Inhibition of ADP-ribosyl cyclase attenuates angiotensin II-induced cardiac hypertrophy

Here, we report the discovery of a small molecule inhibitor, 2,2'-dihydroxyazobenzene (DAB), of ADP ribosyl cyclase (ADPR-cyclase) and showed that this inhibitor attenuated angiotensin (Ang) II-induced hypertrophic responses. and results The intracellular concentration of free Ca2+ [Ca2+](i) in adult rat cardiomyocytes was measured by using a confocal microscope. Cardiac hypertrophy was induced by the two-kidney one-clip (2K1C) method. Hypertrophy was determined by de novo protein synthesis, cell volume, echocardiography, nuclear translocation of nuclear factor of activated T-cells, and transforming growth factor-beta 1 protein expression. Treatment of cardiomyocytes with Ang II generated a biphasic [Ca2+](i) increase that included an initial Ca(2+)peak and sustained Ca2+ rise via inositol trisphosphate and cyclic ADP-ribose (cADPR) formation, respectively. A cADPR antagonistic analogue, 8-Br-cADPR, and an ADPR-cyclase inhibitor, DAB, blocked the sustained Ca2+ signal, but not the initial Ca2+ rise.
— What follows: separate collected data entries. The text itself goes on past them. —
lemma nil_jordan_base_funpow:
  assumes "nil_jordan_base smul \<phi> \<Gamma> k x" "g \<in> \<Gamma>" "1 \<le> i" "i \<le> k g"
  shows "x g i = (\<phi> ^^ (i - 1)) (x g 1)"
  using assms(3,4)
proof (induction i)
  case (Suc i)
  show ?case
  proof (cases "i = 0")
    case False
    then have "x g (Suc i) = \<phi> (x g i)"
      using assms(1,2) Suc.prems unfolding nil_jordan_base_def by auto
    with Suc False show ?thesis by (cases i) auto
  qed simp
qed simp

lemma nil_jordan_base_PhiMap_surj:
  assumes "lmodule smul" "finite \<Gamma>" "nil_jordan_base smul \<phi> \<Gamma> k x"
  obtains q where "\<forall>g\<in>\<Gamma>. degree (q g) \<le> k g - 1" "m = PhiMap smul \<phi> \<Gamma> x q"
proof -
  obtain c where c: "\<forall>g i. (g, i) \<in> jidx \<Gamma> k \<longrightarrow> c g i \<in> cyclic smul (x g i)"
      "m = (\<Sum>(g, i)\<in>jidx \<Gamma> k. c g i)"
    using assms(3) unfolding nil_jordan_base_def by metis
  have "\<forall>g i. \<exists>a. (g, i) \<in> jidx \<Gamma> k \<longrightarrow> c g i = smul a (x g i)"
    using c(1) unfolding cyclic_def by blast
  then obtain a where a: "\<And>g i. (g, i) \<in> jidx \<Gamma> k \<Longrightarrow> c g i = smul (a g i) (x g i)"
    by metis
  define q where "q g = (\<Sum>i\<in>{1..k g}. monom (a g i) (i - 1))" for g
  have "degree (q g) \<le> k g - 1" for g
    by (rule degree_le) (auto simp: q_def coeff_sum coeff_monom intro!: sum.neutral)
  moreover have "m = PhiMap smul \<phi> \<Gamma> x q"
  proof -
    have "m = (\<Sum>g\<in>\<Gamma>. \<Sum>i\<in>{1..k g}. c g i)"
      unfolding c(2) jidx_def using sum.Sigma[OF assms(2), of "\<lambda>g. {1..k g}" c] by simp
    also have "\<dots> = (\<Sum>g\<in>\<Gamma>. \<Sum>i\<in>{1..k g}. smul (a g i) ((\<phi> ^^ (i - 1)) (x g 1)))"
    proof (intro sum.cong refl)
      fix g i assume "g \<in> \<Gamma>" "i \<in> {1..k g}"
      then show "c g i = smul (a g i) ((\<phi> ^^ (i - 1)) (x g 1))"
        using a[of g i] nil_jordan_base_funpow[OF assms(3), of g i] by (simp add: jidx_def)
    qed
    also have "\<dots> = PhiMap smul \<phi> \<Gamma> x q"
      unfolding PhiMap_def q_def pact_sum[OF assms(1)] pact_monom[OF assms(1)] ..
    finally show ?thesis .
  qed
  ultimately show ?thesis using that by blast
qed
lemma zero_in: "zero \<in> A"
  and zero_le: "x \<in> A \<Longrightarrow> le zero x"
  using qo by (simp_all add: quasi_orthomodular_nsl_def nearsemilattice_def)

lemma join_exists_upper_bound:
  assumes "x \<in> A" "y \<in> A" "u \<in> A" "le x u" "le y u"
  shows "join_exists A le x y"
proof -
  have "\<forall>x\<in>A. \<forall>y\<in>A. (\<exists>u\<in>A. le x u \<and> le y u) \<longrightarrow> join_exists A le x y"
    using qo by (simp add: quasi_orthomodular_nsl_def nearsemilattice_def)
  with assms show ?thesis by blast
qed

lemma orthogonality: "orthogonality A le zero orth"
  using qo by (simp add: quasi_orthomodular_nsl_def)

lemma orth_sym: "x \<in> A \<Longrightarrow> y \<in> A \<Longrightarrow> orth x y \<Longrightarrow> orth y x"
  and orth_le: "x \<in> A \<Longrightarrow> y \<in> A \<Longrightarrow> z \<in> A \<Longrightarrow> le x y \<Longrightarrow> orth y z \<Longrightarrow> orth x z"
  and orth_zero: "x \<in> A \<Longrightarrow> orth x zero"
  using orthogonality unfolding orthogonality_def by blast+

lemma orth_join_exists: "x \<in> A \<Longrightarrow> y \<in> A \<Longrightarrow> orth x y \<Longrightarrow> join_exists A le x y"
  using qo by (simp add: quasi_orthomodular_nsl_def)

lemma le_orth_complement: "x \<in> A \<Longrightarrow> y \<in> A \<Longrightarrow> le x y \<Longrightarrow> \<exists>z\<in>A. orth x z \<and> y = join A le x z"
  using qo by (simp add: quasi_orthomodular_nsl_def)

lemma le_join_orth_cancel:
  "x \<in> A \<Longrightarrow> y \<in> A \<Longrightarrow> z \<in> A \<Longrightarrow> orth x y \<Longrightarrow> orth x z \<Longrightarrow> le y (join A le x z) \<Longrightarrow> le y z"
  using qo by (simp add: quasi_orthomodular_nsl_def)

lemma join_in: "join_exists A le x y \<Longrightarrow> join A le x y \<in> A"
  and join_upper1: "join_exists A le x y \<Longrightarrow> le x (join A le x y)"
  and join_upper2: "join_exists A le x y \<Longrightarrow> le y (join A le x y)"
  and join_least: "join_exists A le x y \<Longrightarrow> u \<in> A \<Longrightarrow> le x u \<Longrightarrow> le y u \<Longrightarrow> le (join A le x y) u"
  using is_join_join[OF poset] unfolding is_join_def by blast+

lemma join_zero: "x \<in> A \<Longrightarrow> join A le x zero = x"
  by (rule join_eqI[OF poset]) (auto simp: is_join_def le_refl zero_le)

lemma orth_join_cancel:
  assumes "x \<in> A" "y \<in> A" "z \<in> A" "orth x y" "orth x z"
    and eq: "join A le x y = join A le x z"
  shows "y = z"
proof -
  have "le y (join A le x z)" and "le z (join A le x y)"
    using eq join_upper2 orth_join_exists assms by metis+
  then have "le y z" and "le z y"
    using le_join_orth_cancel assms by blast+
  then show ?thesis
    using le_antisym assms by blast
qed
Furthermore, DAB significantly inhibited Ang II-mediated cADPR formation and hypertrophic responses in vitro. Echocardiography and histological examination revealed significant cardiac hypertrophy in 2K1C rats that was potently inhibited by treatment with DAB. In addition, the hypertrophic responses induced by Ang II in vitro were significantly increased by 2K1C, and DAB treatment reversed these hypertrophic responses to the levels of sham Control. ADPR-cyclase is an important mediator of cardiac hypertrophy, and inhibition of ADPR-cyclase by DAB may provide a new therapeutic strategy for cardiac diseases.